Valérie Pécresse est tombée dans l’erreur commise par Nicolas Sarkozy et plus généralement par la droite. C’est à qui voulait supprimer le plus de postes de fonctionnaires. Cette stratégie est non seulement vouée à l’échec, elle n’a aucun sens, comme le prouve d’ailleurs la promesse de 2017 non tenue du Président de la République de supprimer 120.000 malheureux postes de fonctionnaires...

Ce qui importe, c’est de limiter préalablement les fonctions de l’État. Celui-ci doit-il être chargé d’une fonction ? Alors, il n’est jamais assez fort, pour paraphraser Benjamin Constant. Il doit assurer la protection des citoyens et des individus qui vivent sur notre territoire. Il doit donc disposer de forces de police, de gendarmerie et d’armée substantielles et efficaces, ce qui n’est pas le cas. Au contraire, l’État ne doit pas être chargé d’une fonction ? Alors, il n’est jamais trop faible, il doit se désengager et les services doivent être rendus au secteur privé. Tiens : les privatisations, on en parle peu dans la présente campagne électorale ! Or, notre État intervient tous azimuts et il devrait faire l’objet d’une sérieuse cure d’amaigrissement avec le respect strict du principe de subsidiarité.
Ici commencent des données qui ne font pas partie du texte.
(* Let $(X,E,\ell)$ be a weighted tree, with its path metric. Then $X$ is of negative type, its weight $w\colon X\to\mathbb{R}$ (the unique solution of $\sum_{y\in X}e^{-d(x,y)}w(y)=1$ for all $x\in X$) is $$w(x)=\sum_{e\ni x}\frac{1}{1+e^{-\ell(e)}}-(\deg x-1),\qquad x\in X,$$ and its magnitude is $$|X|=\sum_{x\in X}w(x)=1+\sum_{e\in E}\tanh\Big(\frac{\ell(e)}{2}\Big).$$
   Context: A weighted tree is a triple $(X,E,\ell)$ where $(X,E)$ is a finite simple undirected graph that is a tree (connected, no cycles), and $\ell\colon E\to(0,\infty)$ assigns a length to each edge. It is a metric space on the vertex set $X$ with $d(x,y)$ the sum of the lengths of the edges along the unique simple path from $x$ to $y$. $\deg x$ is the number of neighbours of $x$; the sum $\sum_{e\ni x}$ ranges over edges containing $x$. A metric space is of negative type if $(X,\sqrt d)$ embeds isometrically into a Hilbert space. *)

theory Defs
  imports Complex_Main
begin

definition is_walk :: "'a set set \<Rightarrow> 'a list \<Rightarrow> bool" where
  "is_walk E ps \<longleftrightarrow> ps \<noteq> [] \<and>
     (\<forall>i. Suc i < length ps \<longrightarrow> {ps ! i, ps ! Suc i} \<in> E)"

definition is_path :: "'a set set \<Rightarrow> 'a list \<Rightarrow> 'a \<Rightarrow> 'a \<Rightarrow> bool" where
  "is_path E ps x y \<longleftrightarrow> is_walk E ps \<and> distinct ps \<and> hd ps = x \<and> last ps = y"

definition path_length :: "('a set \<Rightarrow> real) \<Rightarrow> 'a list \<Rightarrow> real" where
  "path_length l ps = (\<Sum>i<length ps - 1. l {ps ! i, ps ! Suc i})"

definition has_cycle :: "'a set set \<Rightarrow> bool" where
  "has_cycle E \<longleftrightarrow> (\<exists>cs. length cs \<ge> 3 \<and> distinct cs \<and> is_walk E cs \<and> {last cs, hd cs} \<in> E)"

definition weighted_tree :: "'a set \<Rightarrow> 'a set set \<Rightarrow> ('a set \<Rightarrow> real) \<Rightarrow> bool" where
  "weighted_tree X E l \<longleftrightarrow>
     finite X \<and> X \<noteq> {} \<and>
     (\<forall>e\<in>E. \<exists>x y. x \<noteq> y \<and> x \<in> X \<and> y \<in> X \<and> e = {x, y}) \<and>
     (\<forall>e\<in>E. l e > 0) \<and>
     (\<forall>x\<in>X. \<forall>y\<in>X. \<exists>ps. is_path E ps x y) \<and>
     \<not> has_cycle E"

definition tree_dist :: "'a set set \<Rightarrow> ('a set \<Rightarrow> real) \<Rightarrow> 'a \<Rightarrow> 'a \<Rightarrow> real" where
  "tree_dist E l x y = (THE r. \<exists>ps. is_path E ps x y \<and> r = path_length l ps)"

definition degree :: "'a set set \<Rightarrow> 'a \<Rightarrow> nat" where
  "degree E x = card {e \<in> E. x \<in> e}"

text \<open>Negative type: (X, sqrt d) embeds isometrically into a Hilbert space.
Since X is finite, the image spans a finite-dimensional subspace; we take the
Hilbert space to be the Euclidean space of real functions on X (coordinates
indexed by X with the standard l2 norm).\<close>
definition negative_type :: "'a set \<Rightarrow> ('a \<Rightarrow> 'a \<Rightarrow> real) \<Rightarrow> bool" where
  "negative_type X d \<longleftrightarrow>
     (\<exists>\<phi> :: 'a \<Rightarrow> 'a \<Rightarrow> real. \<forall>x\<in>X. \<forall>y\<in>X.
        sqrt (d x y) = sqrt (\<Sum>z\<in>X. (\<phi> x z - \<phi> y z)\<^sup>2))"

definition is_weighting :: "'a set \<Rightarrow> ('a \<Rightarrow> 'a \<Rightarrow> real) \<Rightarrow> ('a \<Rightarrow> real) \<Rightarrow> bool" where
  "is_weighting X d w \<longleftrightarrow> (\<forall>x\<in>X. (\<Sum>y\<in>X. exp (- d x y) * w y) = 1)"

end

theory Submission
  imports Defs
begin

(* A tree with at least two vertices has a leaf a, with neighbour b say, and removing a leaves a
   tree in which all distances are unchanged, while d(a, y) = l(ab) + d(b, y).  So every tree is
   built from a point by attaching pendant points, and all claims are inherited along such
   one-point extensions.  With q = exp(-l(ab)): a weighting extends by w(a) = 1/(1+q) and
   w(b) := w(b) + 1/(1+q) - 1, which adds 2/(1+q) - 1 = tanh(l(ab)/2) to the magnitude; the rows
   of a and b of the similarity matrix force (1 - q^2) v(a) = 0 for any v in its kernel, so the
   matrix stays nonsingular; and an embedding of (X, d) into l^2 with squared distances extends
   by one new coordinate, equal to sqrt(l(ab)) at a and 0 elsewhere. *)

section \<open>Pendant extensions of finite metric spaces\<close>

definition similarity_nonsingular :: "'a set \<Rightarrow> ('a \<Rightarrow> 'a \<Rightarrow> real) \<Rightarrow> bool" where
  "similarity_nonsingular X d \<longleftrightarrow>
     (\<forall>v. (\<forall>x\<in>X. (\<Sum>y\<in>X. exp (- d x y) * v y) = 0) \<longrightarrow> (\<forall>x\<in>X. v x = 0))"

definition l2_squared_embeddable :: "'a set \<Rightarrow> ('a \<Rightarrow> 'a \<Rightarrow> real) \<Rightarrow> bool" where
  "l2_squared_embeddable X d \<longleftrightarrow>
     (\<exists>\<phi> :: 'a \<Rightarrow> 'a \<Rightarrow> real. \<forall>x\<in>X. \<forall>y\<in>X. d x y = (\<Sum>z\<in>X. (\<phi> x z - \<phi> y z)\<^sup>2))"

definition pendant_weight :: "('a \<Rightarrow> real) \<Rightarrow> 'a \<Rightarrow> 'a \<Rightarrow> real \<Rightarrow> 'a \<Rightarrow> real" where
  "pendant_weight w a b L y =
     (if y = a then 1 / (1 + exp (- L)) else if y = b then w b + 1 / (1 + exp (- L)) - 1 else w y)"

lemma is_weighting_cong:
  assumes "is_weighting X d w" and "\<And>x y. x \<in> X \<Longrightarrow> y \<in> X \<Longrightarrow> d x y = d' x y"
  shows "is_weighting X d' w"
  using assms unfolding is_weighting_def by (simp cong: sum.cong)

lemma similarity_nonsingular_cong:
  assumes "similarity_nonsingular X d" and "\<And>x y. x \<in> X \<Longrightarrow> y \<in> X \<Longrightarrow> d x y = d' x y"
  shows "similarity_nonsingular X d'"
  using assms unfolding similarity_nonsingular_def by (simp cong: sum.cong)

lemma l2_squared_embeddable_cong:
  assumes "l2_squared_embeddable X d" and "\<And>x y. x \<in> X \<Longrightarrow> y \<in> X \<Longrightarrow> d x y = d' x y"
  shows "l2_squared_embeddable X d'"
  using assms unfolding l2_squared_embeddable_def by auto

lemma weighting_unique:
  assumes "similarity_nonsingular X d" "is_weighting X d v" "is_weighting X d w"
  shows "\<forall>x\<in>X. v x = w x"
proof -
  have "(\<Sum>y\<in>X. exp (- d x y) * (v y - w y)) = 0" if "x \<in> X" for x
    using assms(2,3) that
    by (simp add: is_weighting_def right_diff_distrib sum_subtractf)
  then show ?thesis
    using assms(1) unfolding similarity_nonsingular_def by fastforce
qed

lemma negative_type_if_l2_squared_embeddable:
  "l2_squared_embeddable X d \<Longrightarrow> negative_type X d"
  unfolding l2_squared_embeddable_def negative_type_def by auto

lemma sum_add_delta:
  fixes g w :: "'a \<Rightarrow> real"
  assumes "finite X" "b \<in> X"
  shows "(\<Sum>y\<in>X. g y * (w y + (if y = b then c else 0))) = (\<Sum>y\<in>X. g y * w y) + g b * c"
  using assms by (simp add: distrib_left sum.distrib if_distrib[of "(*) _"] cong: if_cong)

locale pendant_point =
  fixes X :: "'a set" and d :: "'a \<Rightarrow> 'a \<Rightarrow> real" and a b :: 'a and L :: real
  assumes finite: "finite X" and a_notin: "a \<notin> X" and b_in: "b \<in> X"
    and dist_aa: "d a a = 0" and dist_bb: "d b b = 0"
    and dist_from_a: "y \<in> X \<Longrightarrow> d a y = L + d b y"
    and dist_to_a: "y \<in> X \<Longrightarrow> d y a = d y b + L"
begin

lemma sum_insert_a: "(\<Sum>y\<in>insert a X. f y) = f a + (\<Sum>y\<in>X. f y)"
  using finite a_notin by simp

lemma pendant_weight_on_X:
  "y \<in> X \<Longrightarrow> pendant_weight w a b L y = w y + (if y = b then 1 / (1 + exp (- L)) - 1 else 0)"
  using a_notin by (auto simp: pendant_weight_def)

lemma weighting_insert:
  assumes "is_weighting X d w"
  shows "is_weighting (insert a X) d (pendant_weight w a b L)"
  unfolding is_weighting_def
proof
  define q where "q = exp (- L)"
  define p where "p = 1 / (1 + q)"
  have "1 + q > 0"
    by (simp add: q_def add_pos_pos)
  then have p_q: "p * (1 + q) = 1"
    by (simp add: p_def)
  let ?w' = "pendant_weight w a b L"
  have w'_a: "?w' a = p"
    by (simp add: pendant_weight_def p_def q_def)
  have sum_X: "(\<Sum>y\<in>X. exp (- d x y) * ?w' y) = 1 + exp (- d x b) * (p - 1)" if "x \<in> X" for x
    using assms that finite b_in
    by (simp add: pendant_weight_on_X sum_add_delta is_weighting_def p_def q_def cong: sum.cong)
  fix x assume "x \<in> insert a X"
  then consider "x = a" | "x \<in> X" by blast
  then show "(\<Sum>y\<in>insert a X. exp (- d x y) * ?w' y) = 1"
  proof cases
    case 1
    have "(\<Sum>y\<in>X. exp (- d a y) * ?w' y) = q * (\<Sum>y\<in>X. exp (- d b y) * ?w' y)"
      by (simp add: dist_from_a q_def sum_distrib_left mult.assoc[symmetric] exp_add[symmetric] cong: sum.cong)
    then have "(\<Sum>y\<in>insert a X. exp (- d x y) * ?w' y) = p * (1 + q)"
      using 1 sum_X[OF b_in] by (simp add: sum_insert_a dist_aa dist_bb w'_a algebra_simps)
    then show ?thesis using p_q by simp
  next
    case 2
    have "exp (- d x a) * ?w' a = exp (- d x b) * q * p"
      using 2 by (simp add: dist_to_a w'_a q_def mult_exp_exp)
    then have "(\<Sum>y\<in>insert a X. exp (- d x y) * ?w' y) = 1 + exp (- d x b) * (p * (1 + q) - 1)"
      using sum_X[OF 2] by (simp add: sum_insert_a algebra_simps)
    then show ?thesis using p_q by simp
  qed
qed

lemma magnitude_insert:
  "(\<Sum>y\<in>insert a X. pendant_weight w a b L y) = (\<Sum>y\<in>X. w y) + tanh (L / 2)"
proof -
  have "(\<Sum>y\<in>X. pendant_weight w a b L y) = (\<Sum>y\<in>X. w y) + (1 / (1 + exp (- L)) - 1)"
    using sum_add_delta[OF finite b_in, of "\<lambda>_. 1"] by (simp add: pendant_weight_on_X cong: sum.cong)
  moreover have "tanh (L / 2) = 2 / (1 + exp (- L)) - 1"
  proof -
    have "1 + exp (- L) > 0" by (simp add: add_pos_pos)
    then show ?thesis unfolding tanh_real_altdef by (simp add: field_simps)
  qed
  ultimately show ?thesis by (simp add: sum_insert_a pendant_weight_def)
qed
En prenant le nombre de fonctionnaires au sens large, on se souviendra qu’il existe environ 1.500 entreprises publiques en France. Qui y fait référence ?

Pour réformer notre pays, ce qui est urgent, il convient d’avoir un projet de réforme global car tout se tient. La baisse du nombre des fonctionnaires n’est qu’un élément du puzzle. Mais pour cela, il faut avoir des principes alors que la plupart de nos hommes politiques se revendiquent d’un pragmatisme mal entendu. De là, notre société bloquée.